Stadt-„Koalition” hatte Dezernate untereinander aufgeteilt

Noch Ende ver­gan­gener Woche war aus Kreisen der Linken zu hören, dass man sich recht sich­er sei, eine entsprechende Mehrheit am Mon­tag erre­ichen zu kön­nen. An sich nachvol­lziehbar, haben doch die drei ange­sproch­enen Frak­tio­nen eine wenn auch hauchdünne Mehrheit, die bis­lang im Fall der Fälle auch stand. Dass viele nun davon aus­gin­gen, dass dies auch in der nun zur Abstim­mung ste­hen­den Frage erneut der Fall sein würde, war nicht zulet­zt darauf zurück­zuführen, dass es zwis­chen den drei Frak­tio­nen die Absprache gab, jede solle eines der Dez­er­nate beset­zen kön­nen.
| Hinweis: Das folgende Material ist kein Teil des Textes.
lemma norm_grid_mean_diff_le:
  fixes f :: gridfun
  assumes J: "J1 \<subseteq> {b1..<b1+S}" "J2 \<subseteq> {b2..<b2+S}" "J3 \<subseteq> {b3..<b3+S}"
    and cJ: "card J1 = s" "card J2 = s" "card J3 = s" and s: "s \<ge> 1"
    and b: "b1 \<ge> 1" "b2 \<ge> 1" "b3 \<ge> 1" "b1 + S \<le> N + 1" "b2 + S \<le> N + 1" "b3 + S \<le> N + 1"
  shows "norm (grid_mean (J1\<times>J2\<times>J3) f - grid_mean ({b1..<b1+S}\<times>{b2..<b2+S}\<times>{b3..<b3+S}) f)
     \<le> (1 / sqrt S + 1 / sqrt s + sqrt S / s) * sqrt (diff_energy N f)"
proof -
  define I1 where "I1 = {b1..<b1+S}"
  define I2 where "I2 = {b2..<b2+S}"
  define I3 where "I3 = {b3..<b3+S}"
  define E where "E = sqrt (diff_energy N f)"
  have cI: "card I1 = S" "card I2 = S" "card I3 = S"
    by (simp_all add: I1_def I2_def I3_def)
  have Ss: "S \<ge> s"
    using card_mono[OF _ J(1)] cJ by auto
  have "finite J1" "finite J2" "finite J3"
    using cJ s by (auto intro!: card_ge_0_finite)
  then have fin: "finite (J1\<times>J2\<times>J3)" "finite (I1\<times>I2\<times>I3)"
    by (simp_all add: I1_def I2_def I3_def)
  have ne: "J1\<times>J2\<times>J3 \<noteq> {}" "I1\<times>I2\<times>I3 \<noteq> {}"
    using cJ s Ss by (auto simp: I1_def I2_def I3_def)
  have box: "I1 \<times> I2 \<times> I3 \<subseteq> interior N"
    using b by (auto simp: I1_def I2_def I3_def interior_def)
  then have boxJ: "J1 \<times> I2 \<times> I3 \<subseteq> interior N" "J1 \<times> J2 \<times> I3 \<subseteq> interior N"
    using J by (auto simp: I1_def I2_def I3_def)
  have "sqrt (real S * real S * real S) = S * sqrt S" "sqrt (real s * real S * real S) = sqrt s * S"
      "sqrt (real s * real s * real S) = s * sqrt S"
    by (simp_all add: real_sqrt_mult)
  then have "(\<Sum>t\<in>I1. \<Sum>y2\<in>I2. \<Sum>y3\<in>I3. norm (f (t+1) y2 y3 - f t y2 y3)) \<le> (S * sqrt S) * E"
      "(\<Sum>x1\<in>J1. \<Sum>t\<in>I2. \<Sum>y3\<in>I3. norm (f x1 (t+1) y3 - f x1 t y3)) \<le> (sqrt s * S) * E"
      "(\<Sum>x1\<in>J1. \<Sum>x2\<in>J2. \<Sum>t\<in>I3. norm (f x1 x2 (t+1) - f x1 x2 t)) \<le> (s * sqrt S) * E"
    using sum_box_steps_le_sqrt_diff_energy(1)[OF box, of f] sum_box_steps_le_sqrt_diff_energy(2)[OF boxJ(1), of f]
      sum_box_steps_le_sqrt_diff_energy(3)[OF boxJ(2), of f] cI cJ
    by (simp_all add: E_def)
  then have pairs: "(\<Sum>(x1,x2,x3)\<in>J1\<times>J2\<times>J3. \<Sum>(y1,y2,y3)\<in>I1\<times>I2\<times>I3. norm (f x1 x2 x3 - f y1 y2 y3))
      \<le> (s * s * s * S * (S * sqrt S) + s * s * S * S * (sqrt s * S) + s * S * S * S * (s * sqrt S)) * E"
    using sum_pairs_norm_diff_le_axis_sums[where f=f, OF I1_def I2_def I3_def J[folded I1_def I2_def I3_def] cJ]
    by (simp only: of_nat_mult distrib_right mult.assoc)
      (smt (verit, best) mult_left_mono of_nat_0_le_iff zero_le_mult_iff)
  have "norm (grid_mean (J1\<times>J2\<times>J3) f - grid_mean (I1\<times>I2\<times>I3) f)
      \<le> (\<Sum>(x1,x2,x3)\<in>J1\<times>J2\<times>J3. \<Sum>(y1,y2,y3)\<in>I1\<times>I2\<times>I3. norm (f x1 x2 x3 - f y1 y2 y3))
        / ((s * s * s) * (S * S * S))"
    using norm_mean_diff_le[OF fin ne, of "\<lambda>(i,j,l). f i j l"] cI cJ
    by (simp add: grid_mean_def card_cartesian_product case_prod_beta)
  also have "\<dots> \<le> (s * s * s * S * (S * sqrt S) + s * s * S * S * (sqrt s * S) + s * S * S * S * (s * sqrt S)) * E
        / ((s * s * s) * (S * S * S))"
    using pairs by (rule divide_right_mono) simp
  also have "\<dots> = (1 / sqrt S + 1 / sqrt s + sqrt S / s) * E"
    using two_scale_coefficient[of s S] s Ss by (simp add: times_divide_eq_left[symmetric])
  finally show ?thesis
    by (simp add: I1_def I2_def I3_def E_def)
qed

lemma norm_grid_mean_le:
  fixes f :: gridfun
  assumes "b1 \<ge> 1" "b2 \<ge> 1" "b3 \<ge> 1" "b1 + S \<le> N + 1" "b2 + S \<le> N + 1" "b3 + S \<le> N + 1" "S \<ge> 1"
  shows "norm (grid_mean ({b1..<b1+S}\<times>{b2..<b2+S}\<times>{b3..<b3+S}) f)
    \<le> sqrt (\<Sum>(i,j,l)\<in>interior N. (norm (f i j l))^2) / (S * sqrt S)"
proof -
  define B where "B = {b1..<b1+S}\<times>{b2..<b2+S}\<times>{b3..<b3+S}"
  define F where "F = (\<lambda>(i,j,l). f i j l)"
  have cB: "sqrt (card B) = S * sqrt S" "card B = (S * sqrt S)^2"
    by (simp_all add: B_def card_cartesian_product real_sqrt_mult power2_eq_square)
  have "norm (grid_mean B f) = norm (sum F B) / real (card B)"
    by (simp add: grid_mean_def F_def divide_inverse mult.commute)
  also have "\<dots> \<le> (\<Sum>p\<in>B. norm (F p)) / real (card B)"
    by (intro divide_right_mono norm_sum) simp
  also have "\<dots> \<le> sqrt (card B) * sqrt (\<Sum>p\<in>interior N. (norm (F p))^2) / real (card B)"
    by (intro divide_right_mono sum_le_sqrt_card_mult_sqrt_sum_squares)
      (use assms in \<open>auto simp: B_def interior_def\<close>)
  also have "\<dots> = sqrt (\<Sum>(i,j,l)\<in>interior N. (norm (f i j l))^2) / (S * sqrt S)"
    using assms unfolding cB by (simp add: F_def case_prod_beta power2_eq_square)
  finally show ?thesis
    by (simp add: B_def)
qed

lemma grid_mean_singleton: "grid_mean {(i,j,l)} f = f i j l"
  by (simp add: grid_mean_def)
Da mit Bernd Not­te­baum ein CDU-Mann das Baudez­er­nat leit­et und mit Sil­vio Horn der UB-Frak­tion­s­geschäfts­führer im Herb­st das neu geschaf­fene Dez­er­nat für  für Finanzen, Bürg­erser­vice, Ord­nung und Kul­tur übern­immt, stand das Sozialdez­er­nat nach dieser Absprache der Linken zur Ver­fü­gung.

 

Verwaltung hatte bereits auf Probleme hingewiesen

Teil­weise offen, teil­weise auch hin­ter vorge­hal­tener Hand, war diese Posten­verteilung im Vor­feld von ver­schiede­nen Seit­en dur­chaus kri­tisiert wor­den. Vor allem auch – und darin liegt der Ursprung der Entwick­lun­gen die in der Über­raschung vom Mon­tag mün­de­ten – da sich eine Vielzahl extern­er Bewer­berin­nen und Bewer­ber um die bei­den aus­geschriebe­nen Posi­tio­nen bewor­ben hat­ten. Und speziell im Fall von Karin Müller, die für DIE LINKE als Sozialdez­er­nentin antrat, seit­ens der Stadtver­wal­tung bere­its eine wenig pos­i­tive Beurteilung abgegeben wurde. Schätzte man sie doch im Hin­blick auf die erwarteten Voraus­set­zun­gen lediglich als „bed­ingt geeignet” ein. In der Mon­tagssitzung ver­wies Stadtvertreter Stephan Mar­ti­ni (ASK) in diesem Zusam­men­hang nochmals drauf, dass dies alle Stadtvertreterin­nen und Stadtvertreter hät­ten nach­le­sen kön­nen.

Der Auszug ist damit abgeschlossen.